Problem to solve
Give back only the lines from the one with "theory Defs" through the last line of the data, exactly as they appear.

---- Input records

(* Let the Mathieu group $M_{12}$ act (sharply $5$-transitively) on a $12$-element set $\Omega$, with a distinguished point $F\in\Omega$. Then (a) $hd((M_{12})^{\triangle}_{-})\geq 6$; (b) $M(11,6)\geq |M_{12}|=95040$; (c) $M(10,6)\geq 8640$.
   Context: $hd(\pi,\sigma)$ is the number of points at which permutations $\pi,\sigma$ differ; $hd(A)$ is the minimum over distinct pairs in $A$. For a permutation $\pi$ of $\Omega$, $\pi^{\triangle}$ is defined by $\pi^{\triangle}(\pi^{-1}(F))=\pi(F)$, $\pi^{\triangle}(F)=F$, $\pi^{\triangle}(x)=\pi(x)$ otherwise; $\pi^{\triangle}_{-}$ is its restriction to $\Omega\setminus\{F\}$; for a set $S$ of permutations, $S^{\triangle}_{-}=\{\pi^{\triangle}_{-}:\pi\in S\}$. $M(n,d)$ is the maximum size of a set of permutations of an $n$-element set with pairwise Hamming distance at least $d$. *)

theory Defs
  imports "HOL-Combinatorics.Permutations"
begin

definition hd :: "('a \<Rightarrow> 'a) \<Rightarrow> ('a \<Rightarrow> 'a) \<Rightarrow> nat" where
  "hd p q = card {x. p x \<noteq> q x}"

definition hd_set :: "('a \<Rightarrow> 'a) set \<Rightarrow> nat" where
  "hd_set A = Min {hd p q | p q. p \<in> A \<and> q \<in> A \<and> p \<noteq> q}"

definition M :: "nat \<Rightarrow> nat \<Rightarrow> nat" where
  "M n d = Max {card A | A. A \<subseteq> {p. p permutes {0..<n}} \<and>
                  (\<forall>p\<in>A. \<forall>q\<in>A. p \<noteq> q \<longrightarrow> d \<le> hd p q)}"

definition tri :: "'a \<Rightarrow> ('a \<Rightarrow> 'a) \<Rightarrow> 'a \<Rightarrow> 'a" where
  "tri F p x = (if x = F then F else if x = inv p F then p F else p x)"

definition tri_minus :: "'a set \<Rightarrow> 'a \<Rightarrow> ('a \<Rightarrow> 'a) \<Rightarrow> 'a \<Rightarrow> 'a" where
  "tri_minus \<Omega> F p x = (if x \<in> \<Omega> - {F} then tri F p x else x)"

definition tri_minus_set :: "'a set \<Rightarrow> 'a \<Rightarrow> ('a \<Rightarrow> 'a) set \<Rightarrow> ('a \<Rightarrow> 'a) set" where
  "tri_minus_set \<Omega> F S = tri_minus \<Omega> F ` S"

definition perm_group_on :: "'a set \<Rightarrow> ('a \<Rightarrow> 'a) set \<Rightarrow> bool" where
  "perm_group_on \<Omega> G \<longleftrightarrow> G \<subseteq> {p. p permutes \<Omega>} \<and> id \<in> G \<and>
     (\<forall>p\<in>G. \<forall>q\<in>G. p \<circ> q \<in> G) \<and> (\<forall>p\<in>G. inv p \<in> G)"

--------

Output for this task
theory Defs
  imports "HOL-Combinatorics.Permutations"
begin

definition hd :: "('a \<Rightarrow> 'a) \<Rightarrow> ('a \<Rightarrow> 'a) \<Rightarrow> nat" where
  "hd p q = card {x. p x \<noteq> q x}"

definition hd_set :: "('a \<Rightarrow> 'a) set \<Rightarrow> nat" where
  "hd_set A = Min {hd p q | p q. p \<in> A \<and> q \<in> A \<and> p \<noteq> q}"

definition M :: "nat \<Rightarrow> nat \<Rightarrow> nat" where
  "M n d = Max {card A | A. A \<subseteq> {p. p permutes {0..<n}} \<and>
                  (\<forall>p\<in>A. \<forall>q\<in>A. p \<noteq> q \<longrightarrow> d \<le> hd p q)}"

definition tri :: "'a \<Rightarrow> ('a \<Rightarrow> 'a) \<Rightarrow> 'a \<Rightarrow> 'a" where
  "tri F p x = (if x = F then F else if x = inv p F then p F else p x)"

definition tri_minus :: "'a set \<Rightarrow> 'a \<Rightarrow> ('a \<Rightarrow> 'a) \<Rightarrow> 'a \<Rightarrow> 'a" where
  "tri_minus \<Omega> F p x = (if x \<in> \<Omega> - {F} then tri F p x else x)"

definition tri_minus_set :: "'a set \<Rightarrow> 'a \<Rightarrow> ('a \<Rightarrow> 'a) set \<Rightarrow> ('a \<Rightarrow> 'a) set" where
  "tri_minus_set \<Omega> F S = tri_minus \<Omega> F ` S"

definition perm_group_on :: "'a set \<Rightarrow> ('a \<Rightarrow> 'a) set \<Rightarrow> bool" where
  "perm_group_on \<Omega> G \<longleftrightarrow> G \<subseteq> {p. p permutes \<Omega>} \<and> id \<in> G \<and>
     (\<forall>p\<in>G. \<forall>q\<in>G. p \<circ> q \<in> G) \<and> (\<forall>p\<in>G. inv p \<in> G)"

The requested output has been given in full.